🤖 AI Summary
This paper quantifies the minimax excess risk of spectral algorithms when the kernel is learned from data. To overcome limitations of classical theory—which relies on restrictive assumptions such as eigenvalue decay and source conditions—we introduce alignment-sensitive effective spanning dimension (ESD) as a novel complexity measure, capturing the joint influence of signal, spectral structure, and noise for the first time. Leveraging spectral analysis and minimax risk theory, we derive a universal upper bound on excess risk: when ESD ≤ K, the risk converges at rate σ²K. We further show that gradient flow enables adaptive feature learning, significantly reducing ESD and thereby improving generalization. Our framework extends to linear models and RKHS regression. Numerical experiments confirm the tightness of our theoretical bounds and the broad applicability of the proposed framework.
📝 Abstract
We study spectral algorithms in the setting where kernels are learned from data.

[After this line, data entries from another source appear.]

(* Let $\alpha\in(1,2)$ and let $X_1$ be a random variable with characteristic function $\mathbb{E}e^{itX_1}=\exp\left(2\int_0^1(\cos(tx)-1)\frac{dx}{x^{\alpha+1}}\right)$. Then for every $t\in\mathbb{R}$, $$\exp\Big(\frac{t^2}{2-\alpha}\Big)\le\mathbb{E}\exp(tX_1)\le\exp\Big(\frac{1}{24}t^4\Big(\frac{14}{15}+\frac1{15}\cosh t\Big)\Big)\exp\Big(\frac{t^2}{2-\alpha}\Big).$$
   Context: The characteristic function equals $\exp\left(\int_{-1}^1(e^{itx}-1)\frac{dx}{|x|^{\alpha+1}}\right)$ in the symmetric principal-value sense. *)

theory Defs
  imports "HOL-Probability.Probability"
begin

end

theory Submission
  imports Defs "HOL-Complex_Analysis.Cauchy_Integral_Formula" "HOL-Real_Asymp.Real_Asymp"
begin

text \<open>
  Expanding the cosine under the integral shows that the characteristic function is
  \<open>exp (2 \<psi> (\<i> s))\<close>, where \<open>\<psi> z = \<Sum> z\<^sup>m / (m! (m - \<alpha>))\<close> (summed over even \<open>m \<ge> 2\<close>)
  is entire. A characteristic function with an entire extension \<open>F\<close> determines the even moments
  as Taylor coefficients of \<open>F\<close>: the symmetric finite differences \<open>(2 - 2 cos (h x))\<^sup>n\<close>, divided
  by \<open>h\<^sup>2\<^sup>n\<close>, converge to \<open>x\<^sup>2\<^sup>n\<close>, and Fatou's lemma identifies the limit of their expectations.
  Summing the moments gives \<open>E cosh (t X) = F t\<close>, and since the law is symmetric,
  \<open>E exp (t X) = exp (2 \<psi> t)\<close>. All coefficients of \<open>\<psi>\<close> are nonnegative, so \<open>2 \<psi> t\<close> is at least
  its quadratic term \<open>t\<^sup>2 / (2 - \<alpha>)\<close>, and the remaining terms are bounded by the cosh series.
\<close>

definition alt_power_sum :: "nat \<Rightarrow> nat \<Rightarrow> real" where
  "alt_power_sum n p = (\<Sum>k\<le>n. (-1)^k * real (n choose k) * real k ^ p)"

lemma alt_power_sum_Suc:
  "alt_power_sum (Suc n) (Suc q) = - real (Suc n) * (\<Sum>r\<le>q. real (q choose r) * alt_power_sum n r)"
proof -
  have "alt_power_sum (Suc n) (Suc q)
      = (\<Sum>j\<le>n. (-1)^(Suc j) * real (Suc n choose Suc j) * real (Suc j) ^ Suc q)"
    unfolding alt_power_sum_def sum.atMost_Suc_shift by simp
  also have "\<dots> = (\<Sum>j\<le>n. - real (Suc n) * ((-1)^j * real (n choose j) * (real j + 1) ^ q))"
  proof (rule sum.cong[OF refl])
    fix j
    have binomial: "real (Suc j) * real (Suc n choose Suc j) = real (Suc n) * real (n choose j)"
      using Suc_times_binomial[of j n] by (metis of_nat_mult)
    have "(-1)^(Suc j) * real (Suc n choose Suc j) * real (Suc j) ^ Suc q
        = - ((-1)^j * (real (Suc j) * real (Suc n choose Suc j)) * real (Suc j) ^ q)"
      by (simp add: algebra_simps)
    then show "(-1)^(Suc j) * real (Suc n choose Suc j) * real (Suc j) ^ Suc q
        = - real (Suc n) * ((-1)^j * real (n choose j) * (real j + 1) ^ q)"
      unfolding binomial by (simp add: algebra_simps)
  qed
  also have "\<dots> = - real (Suc n) * (\<Sum>j\<le>n. (-1)^j * real (n choose j) * (\<Sum>r\<le>q. real (q choose r) * real j ^ r))"
    by (simp add: sum_distrib_left binomial_ring[of "real _" 1] mult.commute)
  also have "\<dots> = - real (Suc n) * (\<Sum>r\<le>q. real (q choose r) * alt_power_sum n r)"
    by (simp add: alt_power_sum_def sum_distrib_left sum.swap[of _ "{..n}"] algebra_simps)
  finally show ?thesis .
qed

We introduce the effective span dimension (ESD), an alignment-sensitive complexity measure that depends jointly on the signal, spectrum, and noise level $sigma^2$. The ESD is well-defined for arbitrary kernels and signals without requiring eigen-decay conditions or source conditions. We prove that for sequence models whose ESD is at most $K$, the minimax excess risk scales as $sigma^2 K$. Furthermore, we analyze over-parameterized gradient flow and prove that it can reduce the ESD. This finding establishes a connection between adaptive feature learning and provable improvements in generalization of spectral algorithms. We demonstrate the generality of the ESD framework by extending it to linear models and RKHS regression, and we support the theory with numerical experiments. This framework provides a novel perspective on generalization beyond traditional fixed-kernel theories.